- Born: 1 December 1934
- Died: 19 April 2011 (aged 76)
- Occupation: Martial Arts Trainer

= Gordon Doversola =

American martial artist

Gordon Doversola (1 December 1934 – 19 April 2011) was an American martial arts expert who specialized in the Okinawa-te school of Karate. He taught various film and television celebrities.

==Early years==

Gordon Doversola was from Hawaii.
He was born on 1 December 1934.
His family was of Hawaiian, Chinese, and Filipino origin, and he retained a strong sense of his cultures.
He started to train in jujutsu under Seshiro Okazaki in Danzan Ryu when he was eleven, and then was taught kenpō by Sijo Adriano Emperado, Joe Emperado along with Woodrow McCandless at the Palama Settlement.
He also boxed as an amateur in 56 bouts.
Doversola was proficient in other martial arts before he created his own system which he called Okinawa-te, which he claimed he had learned from Teiken Nagusuko, who had been taught the art by Kehei Motobu. Doversola claimed this to hide the truth of his being a backdoor student of Professor James Mitose back in the late 50's. Doversola created Okinawa-te as an effective and aggressive street fighting art that combined techniques from other martial arts he studied.
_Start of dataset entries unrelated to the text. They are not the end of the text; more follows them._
theorem consensus_solution_converges:
  assumes z: "consensus_solution z"
  obtains zs where "\<forall>i<N. (z i \<longlongrightarrow> zs) at_top"
proof
  define zs where "zs = (SUP t\<in>{0..}. state_min z t)"
  show "\<forall>i<N. (z i \<longlongrightarrow> zs) at_top"
  proof (intro allI impI tendstoI)
    fix i :: nat and e :: real assume i: "i < N" and e: "e > 0"
    obtain t1 where t1: "t1 \<ge> 0" "state_spread z t1 < e" using state_spread_arbitrarily_small[OF z e] .
    show "\<forall>\<^sub>F t in at_top. dist (z i t) zs < e"
      using eventually_ge_at_top[of t1]
    proof eventually_elim
      case (elim t)
      with state_min_le_later[OF z t1(1) elim i] state_max_ge_later[OF z t1(1) elim i]
        state_min_sup_between[OF z t1(1)] t1(2)
      show ?case by (simp add: zs_def dist_real_def state_spread_def abs_less_iff)
    qed
  qed
qed

end

section \<open>Dwell-time switching\<close>

lemma dwell_time_switching_times_ge:
  assumes "dwell_time_switching S \<sigma> ts tauD"
  shows "ts n \<ge> real n * tauD"
proof (induction n)
  case 0
  then show ?case using assms by (simp add: dwell_time_switching_def)
next
  case (Suc n)
  have "ts (Suc n) - ts n \<ge> tauD" using assms by (simp add: dwell_time_switching_def)
  then show ?case using Suc by (simp add: algebra_simps)
qed

lemma dwell_time_switching_finite_indices:
  assumes d: "dwell_time_switching S \<sigma> ts tauD"
  shows "finite {n. ts n \<le> b}"
proof (rule finite_subset)
  have tau: "tauD > 0" using d by (simp add: dwell_time_switching_def)
  show "{n. ts n \<le> b} \<subseteq> {..nat \<lceil>b / tauD\<rceil>}"
  proof
    fix n assume "n \<in> {n. ts n \<le> b}"
    then have "real n * tauD \<le> b" using dwell_time_switching_times_ge[OF d, of n] by simp
    then have "real n \<le> b / tauD" using tau by (simp add: pos_le_divide_eq)
    then show "n \<in> {..nat \<lceil>b / tauD\<rceil>}" by simp linarith
  qed
qed simp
Doversola was one of a number of karate instructors who began teaching in the 1950s, some of whom had learned while posted to Okinawa or Japan by the army.
Others were Ed Parker, Cecil T. Patterson, Donald Hugh Nagle, George Mattson and Peter Urban.
Doversola moved to Los Angeles in 1957, where he opened one of the city's first karate dojos and taught Okinawa-te karate.
He founded the Okinawa-te Karate Organization.
Doversola taught the martial artist Joe Lewis (1944–2012) and actor Martin Kove, who earned a black belt.

==Okinawa-te==
The cover of the 15th issue of Black Belt (March 1965) had a photograph of Doversola executing a flying side kick in an Okinawa-te demonstration.
According to Doversola, Okinawa-te is thought to have originated with martial arts brought to the Ryukyu Islands from China.
Because the Japanese did not allow the locals to practice fighting, they developed methods that seemed harmless but were designed to counter Japanese martial arts, and used weapons derived from farm implements.
Weapons thus resemble pitchforks, staffs, paddles and other harmless objects.
The fighting technique is sometimes called the forerunner of modern karate. Doversola claimed that, "In some ways we are more traditional than many kung fu schools, in that our art is derived directly from the monks, or so it is said."

==Films and TV==
In 1962 Doversola coordinated the stunts and trained Frank Sinatra for the film The Manchurian Candidate.
Beau Vanden Ecker, who helped coordinate the fight in The Manchurian Candidate, went on to teach Okinawa-te moves to Dean Martin for The Silencers (1966).
Doversola played bit parts and provided technical advice in the 1960s television series Burke's Law (1963–65), The Man from U.N.C.L.E. (1964–68) and Honey West (1965–66).
Doversola taught karate moves to Anne Francis for four months before production started on Honey West.
A double did the more violent moves in the show, but Francis was trained so she could look realistic in the close-up shots.
In the late 1960s Doversola trained the actor and martial artist Jim Kelly, co-star with Bruce Lee of the classic kung fu film Enter the Dragon.

Gordon Doversola died on 19 April 2011 at the age of 76 from complications resulting from a stroke and diabetes.